Exercise goal:
Filter the records below down to lines containing "False".
Data for processing below:
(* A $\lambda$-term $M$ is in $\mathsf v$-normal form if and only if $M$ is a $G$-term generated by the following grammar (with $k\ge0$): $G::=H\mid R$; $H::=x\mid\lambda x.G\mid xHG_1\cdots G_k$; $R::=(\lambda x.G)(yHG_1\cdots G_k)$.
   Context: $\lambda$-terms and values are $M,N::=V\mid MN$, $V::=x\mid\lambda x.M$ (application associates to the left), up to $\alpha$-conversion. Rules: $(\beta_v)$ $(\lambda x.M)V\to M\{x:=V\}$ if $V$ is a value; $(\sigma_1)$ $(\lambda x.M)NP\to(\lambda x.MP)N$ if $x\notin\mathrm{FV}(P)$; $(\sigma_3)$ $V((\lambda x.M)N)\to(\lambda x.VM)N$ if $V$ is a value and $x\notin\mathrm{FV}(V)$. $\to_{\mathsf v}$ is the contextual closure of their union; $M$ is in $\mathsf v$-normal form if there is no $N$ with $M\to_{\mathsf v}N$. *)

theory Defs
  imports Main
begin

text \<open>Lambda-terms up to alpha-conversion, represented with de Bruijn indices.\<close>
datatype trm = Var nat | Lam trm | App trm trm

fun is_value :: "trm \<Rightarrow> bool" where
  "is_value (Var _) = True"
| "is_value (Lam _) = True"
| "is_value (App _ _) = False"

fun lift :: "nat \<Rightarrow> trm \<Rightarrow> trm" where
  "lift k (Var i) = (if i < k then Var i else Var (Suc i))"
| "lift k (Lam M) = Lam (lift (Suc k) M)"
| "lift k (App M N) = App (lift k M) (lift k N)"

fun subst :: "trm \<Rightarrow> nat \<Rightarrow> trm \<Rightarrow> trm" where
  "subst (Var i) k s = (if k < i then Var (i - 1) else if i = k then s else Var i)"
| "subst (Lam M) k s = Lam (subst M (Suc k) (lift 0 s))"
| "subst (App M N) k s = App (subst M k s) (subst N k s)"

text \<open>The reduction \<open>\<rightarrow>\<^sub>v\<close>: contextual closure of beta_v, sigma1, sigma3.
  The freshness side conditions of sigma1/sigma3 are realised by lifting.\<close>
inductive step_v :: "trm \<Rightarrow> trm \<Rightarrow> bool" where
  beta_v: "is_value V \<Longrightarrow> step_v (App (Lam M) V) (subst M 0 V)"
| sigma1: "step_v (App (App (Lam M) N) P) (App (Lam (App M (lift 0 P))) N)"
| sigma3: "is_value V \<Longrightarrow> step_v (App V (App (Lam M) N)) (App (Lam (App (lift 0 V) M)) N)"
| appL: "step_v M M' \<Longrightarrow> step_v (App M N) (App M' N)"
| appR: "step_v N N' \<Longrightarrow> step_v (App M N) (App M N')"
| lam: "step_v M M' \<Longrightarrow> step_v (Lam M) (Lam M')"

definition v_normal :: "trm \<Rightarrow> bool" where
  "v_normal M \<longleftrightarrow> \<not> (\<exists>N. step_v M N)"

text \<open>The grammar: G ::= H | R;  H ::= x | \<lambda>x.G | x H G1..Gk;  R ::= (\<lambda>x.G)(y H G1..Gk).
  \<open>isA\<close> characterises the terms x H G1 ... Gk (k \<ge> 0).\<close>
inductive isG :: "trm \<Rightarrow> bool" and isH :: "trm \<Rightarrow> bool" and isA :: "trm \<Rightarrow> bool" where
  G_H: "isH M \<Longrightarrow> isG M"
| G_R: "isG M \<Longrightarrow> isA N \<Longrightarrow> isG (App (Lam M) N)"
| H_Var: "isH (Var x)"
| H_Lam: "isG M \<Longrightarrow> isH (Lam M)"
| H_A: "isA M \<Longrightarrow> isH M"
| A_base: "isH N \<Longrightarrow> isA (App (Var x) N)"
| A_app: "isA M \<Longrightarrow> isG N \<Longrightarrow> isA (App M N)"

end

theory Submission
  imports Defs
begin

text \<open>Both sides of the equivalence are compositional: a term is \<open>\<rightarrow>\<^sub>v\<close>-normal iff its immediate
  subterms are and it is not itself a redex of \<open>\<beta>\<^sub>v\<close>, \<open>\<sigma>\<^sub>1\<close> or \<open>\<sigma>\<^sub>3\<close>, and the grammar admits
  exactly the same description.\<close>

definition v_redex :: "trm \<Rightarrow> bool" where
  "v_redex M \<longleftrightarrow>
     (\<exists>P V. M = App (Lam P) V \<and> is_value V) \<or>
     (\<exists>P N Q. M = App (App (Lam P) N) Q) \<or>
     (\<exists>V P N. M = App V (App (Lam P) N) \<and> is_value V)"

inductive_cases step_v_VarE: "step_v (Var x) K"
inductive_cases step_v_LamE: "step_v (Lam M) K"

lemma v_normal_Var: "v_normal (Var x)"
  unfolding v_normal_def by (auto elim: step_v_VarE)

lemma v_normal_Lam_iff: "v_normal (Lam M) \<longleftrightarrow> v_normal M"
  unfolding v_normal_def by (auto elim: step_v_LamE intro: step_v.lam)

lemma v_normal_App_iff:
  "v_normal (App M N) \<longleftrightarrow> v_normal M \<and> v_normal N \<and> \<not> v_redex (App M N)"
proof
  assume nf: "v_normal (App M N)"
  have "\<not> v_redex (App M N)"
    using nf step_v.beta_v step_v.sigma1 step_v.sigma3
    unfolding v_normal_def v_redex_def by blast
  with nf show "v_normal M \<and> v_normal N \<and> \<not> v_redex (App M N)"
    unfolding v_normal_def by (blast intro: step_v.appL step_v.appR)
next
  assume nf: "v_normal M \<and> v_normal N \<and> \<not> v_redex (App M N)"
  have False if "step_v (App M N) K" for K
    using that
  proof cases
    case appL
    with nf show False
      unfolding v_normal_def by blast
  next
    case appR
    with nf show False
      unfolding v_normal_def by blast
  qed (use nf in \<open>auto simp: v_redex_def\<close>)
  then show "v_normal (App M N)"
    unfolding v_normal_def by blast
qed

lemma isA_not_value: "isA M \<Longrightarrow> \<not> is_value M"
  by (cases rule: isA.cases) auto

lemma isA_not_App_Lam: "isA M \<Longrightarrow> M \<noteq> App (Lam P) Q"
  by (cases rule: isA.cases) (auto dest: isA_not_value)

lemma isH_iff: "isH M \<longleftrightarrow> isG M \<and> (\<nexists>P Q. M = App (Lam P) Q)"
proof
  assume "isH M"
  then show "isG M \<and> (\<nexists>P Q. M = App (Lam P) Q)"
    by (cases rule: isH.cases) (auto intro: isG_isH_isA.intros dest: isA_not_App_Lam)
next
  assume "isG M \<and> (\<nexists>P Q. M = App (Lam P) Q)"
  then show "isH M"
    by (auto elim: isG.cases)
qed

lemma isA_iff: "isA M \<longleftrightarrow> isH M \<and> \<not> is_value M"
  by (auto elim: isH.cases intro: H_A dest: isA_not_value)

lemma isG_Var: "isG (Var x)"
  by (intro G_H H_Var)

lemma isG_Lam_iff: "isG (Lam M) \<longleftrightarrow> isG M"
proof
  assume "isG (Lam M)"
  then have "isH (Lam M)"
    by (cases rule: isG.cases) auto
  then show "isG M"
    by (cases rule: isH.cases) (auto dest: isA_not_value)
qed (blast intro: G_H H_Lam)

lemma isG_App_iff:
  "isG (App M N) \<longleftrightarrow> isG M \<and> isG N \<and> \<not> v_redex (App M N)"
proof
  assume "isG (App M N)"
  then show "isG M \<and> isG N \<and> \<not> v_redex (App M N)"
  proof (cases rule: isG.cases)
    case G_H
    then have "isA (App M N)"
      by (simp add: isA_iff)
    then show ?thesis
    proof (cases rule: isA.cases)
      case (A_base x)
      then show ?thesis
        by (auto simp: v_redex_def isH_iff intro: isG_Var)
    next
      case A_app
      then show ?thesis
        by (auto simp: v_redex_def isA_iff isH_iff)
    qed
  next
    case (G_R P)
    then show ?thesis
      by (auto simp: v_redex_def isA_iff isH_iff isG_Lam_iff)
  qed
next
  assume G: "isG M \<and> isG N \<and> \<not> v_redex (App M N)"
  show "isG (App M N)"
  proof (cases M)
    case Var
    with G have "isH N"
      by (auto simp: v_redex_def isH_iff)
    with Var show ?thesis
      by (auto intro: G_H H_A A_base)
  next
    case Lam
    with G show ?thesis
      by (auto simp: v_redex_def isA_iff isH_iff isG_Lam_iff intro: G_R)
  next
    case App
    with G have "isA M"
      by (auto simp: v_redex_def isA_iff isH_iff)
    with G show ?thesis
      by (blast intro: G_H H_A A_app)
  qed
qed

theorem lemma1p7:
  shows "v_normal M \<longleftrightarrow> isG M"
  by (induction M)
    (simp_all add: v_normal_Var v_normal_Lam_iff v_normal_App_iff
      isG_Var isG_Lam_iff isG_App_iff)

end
End of Data for processing.
Result for this task:
| "is_value (App _ _) = False"
  have False if "step_v (App M N) K" for K
    with nf show False
    with nf show False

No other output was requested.